Exercise inputs –
*** Block opens ***

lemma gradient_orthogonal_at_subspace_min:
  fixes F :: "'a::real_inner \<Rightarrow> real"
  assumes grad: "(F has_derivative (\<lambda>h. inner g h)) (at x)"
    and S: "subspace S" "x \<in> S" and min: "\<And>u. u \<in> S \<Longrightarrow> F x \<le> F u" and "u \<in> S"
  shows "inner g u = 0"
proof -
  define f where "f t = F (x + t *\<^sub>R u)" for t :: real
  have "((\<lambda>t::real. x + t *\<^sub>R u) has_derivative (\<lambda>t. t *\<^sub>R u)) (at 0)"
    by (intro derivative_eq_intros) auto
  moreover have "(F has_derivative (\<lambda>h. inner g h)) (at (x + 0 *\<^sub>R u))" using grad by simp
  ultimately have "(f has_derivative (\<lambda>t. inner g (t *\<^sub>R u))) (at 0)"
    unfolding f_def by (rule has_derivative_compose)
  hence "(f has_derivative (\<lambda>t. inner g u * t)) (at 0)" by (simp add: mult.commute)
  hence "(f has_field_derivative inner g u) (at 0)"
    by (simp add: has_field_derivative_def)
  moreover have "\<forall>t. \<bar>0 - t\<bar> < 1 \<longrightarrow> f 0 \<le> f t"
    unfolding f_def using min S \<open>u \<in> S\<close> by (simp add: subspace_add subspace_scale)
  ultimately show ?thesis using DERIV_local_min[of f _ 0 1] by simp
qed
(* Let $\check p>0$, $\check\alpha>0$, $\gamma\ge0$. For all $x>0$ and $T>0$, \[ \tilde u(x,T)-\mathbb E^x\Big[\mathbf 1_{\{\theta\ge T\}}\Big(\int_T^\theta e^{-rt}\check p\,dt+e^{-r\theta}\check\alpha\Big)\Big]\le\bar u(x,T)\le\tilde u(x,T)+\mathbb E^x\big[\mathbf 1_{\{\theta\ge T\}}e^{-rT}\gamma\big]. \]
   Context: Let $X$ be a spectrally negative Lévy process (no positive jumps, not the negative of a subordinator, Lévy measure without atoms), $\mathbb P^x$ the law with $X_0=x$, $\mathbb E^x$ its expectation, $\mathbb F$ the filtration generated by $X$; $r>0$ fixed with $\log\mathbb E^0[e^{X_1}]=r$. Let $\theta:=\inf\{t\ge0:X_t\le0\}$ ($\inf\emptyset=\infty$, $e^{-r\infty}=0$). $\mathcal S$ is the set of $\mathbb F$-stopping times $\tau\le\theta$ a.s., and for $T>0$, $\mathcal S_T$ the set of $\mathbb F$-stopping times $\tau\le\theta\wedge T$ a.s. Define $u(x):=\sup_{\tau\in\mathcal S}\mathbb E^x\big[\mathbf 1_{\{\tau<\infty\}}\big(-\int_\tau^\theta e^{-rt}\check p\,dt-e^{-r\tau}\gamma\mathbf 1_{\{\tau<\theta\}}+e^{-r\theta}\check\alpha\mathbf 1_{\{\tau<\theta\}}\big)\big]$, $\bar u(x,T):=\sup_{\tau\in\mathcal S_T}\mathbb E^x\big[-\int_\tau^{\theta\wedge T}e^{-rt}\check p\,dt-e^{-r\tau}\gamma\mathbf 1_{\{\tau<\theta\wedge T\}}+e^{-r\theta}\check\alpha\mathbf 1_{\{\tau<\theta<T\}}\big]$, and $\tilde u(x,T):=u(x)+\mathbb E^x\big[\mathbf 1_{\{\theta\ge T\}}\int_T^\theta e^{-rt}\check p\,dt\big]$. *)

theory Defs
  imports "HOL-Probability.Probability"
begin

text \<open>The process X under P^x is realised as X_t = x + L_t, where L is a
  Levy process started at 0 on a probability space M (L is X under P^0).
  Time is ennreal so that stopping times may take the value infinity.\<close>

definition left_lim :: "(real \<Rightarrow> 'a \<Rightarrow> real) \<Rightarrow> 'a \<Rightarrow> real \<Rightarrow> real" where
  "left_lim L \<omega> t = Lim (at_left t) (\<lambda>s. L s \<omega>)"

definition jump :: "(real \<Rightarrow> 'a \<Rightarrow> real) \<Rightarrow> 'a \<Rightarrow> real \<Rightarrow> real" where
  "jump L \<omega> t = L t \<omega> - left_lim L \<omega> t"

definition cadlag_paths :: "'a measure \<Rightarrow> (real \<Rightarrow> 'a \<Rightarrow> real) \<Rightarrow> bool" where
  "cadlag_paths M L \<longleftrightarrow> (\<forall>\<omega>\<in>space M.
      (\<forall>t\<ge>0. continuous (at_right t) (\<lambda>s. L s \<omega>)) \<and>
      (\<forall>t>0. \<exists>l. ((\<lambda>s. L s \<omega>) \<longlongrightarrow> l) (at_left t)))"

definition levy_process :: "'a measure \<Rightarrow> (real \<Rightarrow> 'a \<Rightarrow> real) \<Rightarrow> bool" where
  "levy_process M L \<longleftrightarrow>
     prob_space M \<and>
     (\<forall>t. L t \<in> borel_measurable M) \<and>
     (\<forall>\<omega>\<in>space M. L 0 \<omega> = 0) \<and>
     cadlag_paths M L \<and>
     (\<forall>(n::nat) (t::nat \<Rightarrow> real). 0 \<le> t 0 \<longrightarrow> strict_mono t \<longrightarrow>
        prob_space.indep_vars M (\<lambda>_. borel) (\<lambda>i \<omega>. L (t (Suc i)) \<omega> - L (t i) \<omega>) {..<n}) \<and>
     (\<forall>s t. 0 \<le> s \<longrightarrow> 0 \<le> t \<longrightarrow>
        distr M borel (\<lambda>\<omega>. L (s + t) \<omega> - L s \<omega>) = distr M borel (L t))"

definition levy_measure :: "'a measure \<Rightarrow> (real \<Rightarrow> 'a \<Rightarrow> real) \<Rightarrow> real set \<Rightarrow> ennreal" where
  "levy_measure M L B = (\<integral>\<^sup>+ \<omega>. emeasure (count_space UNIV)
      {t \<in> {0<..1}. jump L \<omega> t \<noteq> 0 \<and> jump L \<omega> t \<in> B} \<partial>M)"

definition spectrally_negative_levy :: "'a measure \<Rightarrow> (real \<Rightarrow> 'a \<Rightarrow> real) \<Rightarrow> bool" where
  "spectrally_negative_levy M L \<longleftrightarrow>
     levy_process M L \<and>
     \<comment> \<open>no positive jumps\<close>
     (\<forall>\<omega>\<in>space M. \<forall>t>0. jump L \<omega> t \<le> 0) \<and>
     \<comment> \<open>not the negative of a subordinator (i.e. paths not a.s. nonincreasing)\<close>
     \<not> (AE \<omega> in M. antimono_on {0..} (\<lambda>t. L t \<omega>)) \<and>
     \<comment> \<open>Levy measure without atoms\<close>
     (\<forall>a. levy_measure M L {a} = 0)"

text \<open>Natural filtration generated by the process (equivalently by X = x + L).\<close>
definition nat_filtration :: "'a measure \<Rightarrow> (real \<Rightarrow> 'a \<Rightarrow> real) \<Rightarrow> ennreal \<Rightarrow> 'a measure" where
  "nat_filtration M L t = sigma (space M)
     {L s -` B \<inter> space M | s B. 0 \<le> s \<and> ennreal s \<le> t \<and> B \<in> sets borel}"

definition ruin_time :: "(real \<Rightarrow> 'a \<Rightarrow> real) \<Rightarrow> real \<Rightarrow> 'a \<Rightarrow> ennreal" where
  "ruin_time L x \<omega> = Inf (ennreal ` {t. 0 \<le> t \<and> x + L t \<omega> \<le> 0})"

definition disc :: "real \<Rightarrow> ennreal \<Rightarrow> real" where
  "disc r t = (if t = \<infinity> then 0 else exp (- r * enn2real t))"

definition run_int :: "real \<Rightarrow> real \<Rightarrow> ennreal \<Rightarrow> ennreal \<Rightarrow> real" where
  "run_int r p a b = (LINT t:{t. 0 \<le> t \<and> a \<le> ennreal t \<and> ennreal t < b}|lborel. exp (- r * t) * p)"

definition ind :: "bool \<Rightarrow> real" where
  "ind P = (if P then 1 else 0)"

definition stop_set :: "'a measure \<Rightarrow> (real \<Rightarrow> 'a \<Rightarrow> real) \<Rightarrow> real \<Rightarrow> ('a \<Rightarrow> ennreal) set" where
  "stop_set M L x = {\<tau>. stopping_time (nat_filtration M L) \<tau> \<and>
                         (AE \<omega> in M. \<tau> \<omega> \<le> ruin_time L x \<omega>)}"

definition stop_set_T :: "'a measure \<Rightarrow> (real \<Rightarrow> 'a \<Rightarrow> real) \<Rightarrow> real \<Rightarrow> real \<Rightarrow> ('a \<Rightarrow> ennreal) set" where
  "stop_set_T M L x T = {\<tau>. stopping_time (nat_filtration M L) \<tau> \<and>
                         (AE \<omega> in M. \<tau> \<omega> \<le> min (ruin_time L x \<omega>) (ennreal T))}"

*** Block closes ***

Task brief –
Whenever a line in the records above contains the string "atoms", copy that line.

Reply –
   Context: Let $X$ be a spectrally negative Lévy process (no positive jumps, not the negative of a subordinator, Lévy measure without atoms), $\mathbb P^x$ the law with $X_0=x$, $\mathbb E^x$ its expectation, $\mathbb F$ the filtration generated by $X$; $r>0$ fixed with $\log\mathbb E^0[e^{X_1}]=r$. Let $\theta:=\inf\{t\ge0:X_t\le0\}$ ($\inf\emptyset=\infty$, $e^{-r\infty}=0$). $\mathcal S$ is the set of $\mathbb F$-stopping times $\tau\le\theta$ a.s., and for $T>0$, $\mathcal S_T$ the set of $\mathbb F$-stopping times $\tau\le\theta\wedge T$ a.s. Define $u(x):=\sup_{\tau\in\mathcal S}\mathbb E^x\big[\mathbf 1_{\{\tau<\infty\}}\big(-\int_\tau^\theta e^{-rt}\check p\,dt-e^{-r\tau}\gamma\mathbf 1_{\{\tau<\theta\}}+e^{-r\theta}\check\alpha\mathbf 1_{\{\tau<\theta\}}\big)\big]$, $\bar u(x,T):=\sup_{\tau\in\mathcal S_T}\mathbb E^x\big[-\int_\tau^{\theta\wedge T}e^{-rt}\check p\,dt-e^{-r\tau}\gamma\mathbf 1_{\{\tau<\theta\wedge T\}}+e^{-r\theta}\check\alpha\mathbf 1_{\{\tau<\theta<T\}}\big]$, and $\tilde u(x,T):=u(x)+\mathbb E^x\big[\mathbf 1_{\{\theta\ge T\}}\int_T^\theta e^{-rt}\check p\,dt\big]$. *)
     \<comment> \<open>Levy measure without atoms\<close>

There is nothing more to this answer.